- Born: 1983 (age 41–42) Glasgow, Scotland
- Occupation(s): Singer-songwriter and guitarist

= Bumi Thomas =

Scottish-Nigerian singer-songwriter (born 1983)

Bumi Thomas (born 1983) is a Scottish-Nigerian jazz-folk-soul singer-songwriter and guitarist. She was born in Glasgow, Scotland, but grew up in Nigeria. Now London-based, and frequently found performing in smaller venues around the city, she released her debut EP, Feather Pearl, in November 2014.

==Life==
Thomas was born in Glasgow, Scotland, in June 1983.

==Career==
Thomas is known for songs such as "Free As a Bird", which she has performed live on BBC Radio, "My Baby (Hole in the Sky)", "Walk with Me" and "Don't Lie to Me". Her songs tend to be centred on themes of "journey and expression". She has performed with the likes of Kenny Thomas, Muntu Valdo, Nneka, Shingai Shoniwa of the Noisettes, Keziah Jones and Tony Allen, and is often found performing in cafes, bars and jazz clubs in London, though she appeared on the stage in the Royal Opera House. Her debut EP, Feather Pearl, was released in November 2014.

In October 2015, she appeared at the London Felabration 2015 with the Dele Sosimi Afrobeat Orchestra and artists such as Breis, Temi Dollface, Afrikan Boy, Tiggs da Author, and others.

==Personal life==
Thomas resides in London. She has said of her heritage: "My experience in Nigeria as a woman of Yoruba and Igbo heritage living in Hausaland has shaped me.
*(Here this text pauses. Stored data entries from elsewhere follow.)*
lemma coherent_space_of_finite_opens:
  assumes "finite {U. openin X U}"
  shows "coherent_space X"
  unfolding coherent_space_def
  by (meson assms compactin_of_finite_opens compactin_subset_topspace le_infI1)

lemma compactin_if_cofinite_nbhds:
  assumes "K \<subseteq> topspace X" and "x \<in> K"
    and "\<And>U. openin X U \<Longrightarrow> x \<in> U \<Longrightarrow> finite (K - U)"
  shows "compactin X K"
  unfolding compactin_def
proof (intro conjI allI impI)
  fix \<U> assume \<U>: "Ball \<U> (openin X) \<and> K \<subseteq> \<Union>\<U>"
  then obtain U where U: "U \<in> \<U>" "x \<in> U"
    using assms(2) by blast
  have "\<forall>y\<in>K - U. \<exists>V\<in>\<U>. y \<in> V"
    using \<U> by blast
  then obtain g where g: "\<And>y. y \<in> K - U \<Longrightarrow> g y \<in> \<U> \<and> y \<in> g y"
    by metis
  have "finite (K - U)"
    using \<U> U assms(3) by blast
  with U g show "\<exists>\<F>. finite \<F> \<and> \<F> \<subseteq> \<U> \<and> K \<subseteq> \<Union>\<F>"
    by (intro exI[of _ "insert U (g ` (K - U))"]) blast
qed (fact assms(1))

lemma finite_if_compactin_open_points:
  assumes "compactin X K" and "\<And>x. x \<in> K \<Longrightarrow> openin X {x}"
  shows "finite K"
proof -
  have "x \<notin> X derived_set_of K" if "x \<in> K" for x
    using assms(2)[OF that] unfolding in_derived_set_of by blast
  then have "K \<inter> X derived_set_of K = {}"
    by blast
  then show ?thesis
    using assms(1) discrete_compactin_eq_finite by blast
qed

lemma saturated_in_openin:
  assumes "openin X U"
  shows "saturated_in X U"
  using assms openin_subset unfolding saturated_in_def spec_le_def by blast

lemma continuous_map_id_finer:
  assumes "topspace X = topspace Y" and "\<And>U. openin Y U \<Longrightarrow> openin X U"
  shows "continuous_map X Y (\<lambda>x. x)"
  unfolding continuous_map_def
proof (intro conjI allI impI)
  show "(\<lambda>x. x) \<in> topspace X \<rightarrow> topspace Y"
    using assms(1) by simp
  fix U assume U: "openin Y U"
  then have "{x \<in> topspace X. x \<in> U} = U"
    using openin_subset assms(1) by blast
  then show "openin X {x \<in> topspace X. x \<in> U}"
    using assms(2) U by simp
qed

lemma continuous_map_projective_limit_proj:
  assumes "i \<in> I"
  shows "continuous_map (projective_limit I le X p) (X i) (\<lambda>f. f i)"
  unfolding projective_limit_def
  by (intro continuous_map_from_subtopology continuous_map_product_projection assms)

lemma continuous_map_into_projective_limit:
  assumes "\<And>i. i \<in> I \<Longrightarrow> continuous_map Z (X i) (g i)"
    and "\<And>z i j. z \<in> topspace Z \<Longrightarrow> i \<in> I \<Longrightarrow> j \<in> I \<Longrightarrow> le i j \<Longrightarrow> p i j (g j z) = g i z"
  shows "continuous_map Z (projective_limit I le X p) (\<lambda>z. \<lambda>i\<in>I. g i z)"
  unfolding projective_limit_def
proof (rule continuous_map_into_subtopology)
  show "continuous_map Z (product_topology X I) (\<lambda>z. \<lambda>i\<in>I. g i z)"
    using assms(1) by (auto simp: continuous_map_componentwise)
  then show "(\<lambda>z. \<lambda>i\<in>I. g i z) \<in> topspace Z \<rightarrow>
      {f \<in> topspace (product_topology X I). \<forall>i\<in>I. \<forall>j\<in>I. le i j \<longrightarrow> p i j (f j) = f i}"
    using assms(2) continuous_map_image_subset_topspace by fastforce
qed

lemma topspace_projective_limit_identity:
  assumes "directed_preorder I le" and "\<And>i. i \<in> I \<Longrightarrow> topspace (X i) = S"
  shows "topspace (projective_limit I le X (\<lambda>i j x. x)) = (\<lambda>y. \<lambda>i\<in>I. y) ` S"
proof -
  obtain i0 where i0: "i0 \<in> I"
    using assms(1) unfolding directed_preorder_def by blast
  have "f = (\<lambda>i\<in>I. f i0)" if f: "f \<in> (\<Pi>\<^sub>E i\<in>I. S)" "\<forall>i\<in>I. \<forall>j\<in>I. le i j \<longrightarrow> f j = f i" for f
  proof
    fix i show "f i = (\<lambda>i\<in>I. f i0) i"
    proof (cases "i \<in> I")
      case True
      then obtain k where "k \<in> I" "le i k" "le i0 k"
        using assms(1) i0 unfolding directed_preorder_def by blast
      then have "f k = f i" "f k = f i0"
        using True i0 f(2) by blast+
      with True show ?thesis
        by simp
    qed (use f(1) in auto)
  qed
  then show ?thesis
    using i0 assms(2) unfolding projective_limit_def by (auto simp: PiE_iff)
qed

definition points :: "nat set set" where
  "points = Collect finite \<union> {UNIV, -{0}}"

definition beyond :: "nat set \<Rightarrow> nat set set" where
  "beyond A = Collect finite - Pow A"

definition stage_open :: "nat set \<Rightarrow> nat set set \<Rightarrow> bool" where
  "stage_open A U \<longleftrightarrow> U \<subseteq> points \<and> (U \<subseteq> Pow A \<or> beyond A \<subseteq> U)"

definition stage :: "nat set \<Rightarrow> nat set topology" where
  "stage A = topology (stage_open A)"

(* Coarser than every stage, hence than the limit, and compactness is evident here. *)
definition ends_open :: "nat set set \<Rightarrow> bool" where
  "ends_open U \<longleftrightarrow> U \<subseteq> points \<and> (UNIV \<in> U \<or> -{0} \<in> U \<longrightarrow> finite (Collect finite - U))"

definition ends_topology :: "nat set topology" where
  "ends_topology = topology ends_open"

lemma infinite_points_at_infinity: "infinite (UNIV :: nat set)" "infinite (-{0 :: nat})"
  by (simp_all add: infinite_UNIV_char_0)

lemma openin_stage: "openin (stage A) = stage_open A"
proof -
  have "istopology (stage_open A)"
    unfolding istopology_def stage_open_def by blast
  then show ?thesis
    by (simp add: stage_def)
qed

lemma topspace_stage: "topspace (stage A) = points"
proof -
  have "stage_open A points"
    unfolding stage_open_def beyond_def points_def by blast
  then show ?thesis
    unfolding topspace_def openin_stage stage_open_def by blast
qed

lemma openin_ends_topology: "openin ends_topology = ends_open"
proof -
  have "istopology ends_open"
    unfolding istopology_def
  proof (intro conjI allI impI)
    fix S T assume "ends_open S" "ends_open T"
    then show "ends_open (S \<inter> T)"
      unfolding ends_open_def by (auto simp: Diff_Int)
  next
    fix \<K> assume "\<forall>K\<in>\<K>. ends_open K"
    then show "ends_open (\<Union>\<K>)"
      unfolding ends_open_def by (blast intro: finite_subset[rotated])
  qed
  then show ?thesis
    by (simp add: ends_topology_def)
qed

lemma topspace_ends_topology: "topspace ends_topology = points"
proof -
  have "ends_open points"
    unfolding ends_open_def points_def by auto
  then show ?thesis
    unfolding topspace_def openin_ends_topology ends_open_def by blast
qed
Though I still retain aspects of my experiences of early childhood; I had a thick Glaswegian accent when we moved to Kano and still retain the Scottish attitude about being less uptight about life."

Thomas was threatened by deportation because she was born in the UK in 1983. Her elder sister did not receive this threat. The campaign to assert her rights attracted more than 25,000 signatures.

In August 2020, Glasgow born Thomas was granted indefinite leave to remain in the UK.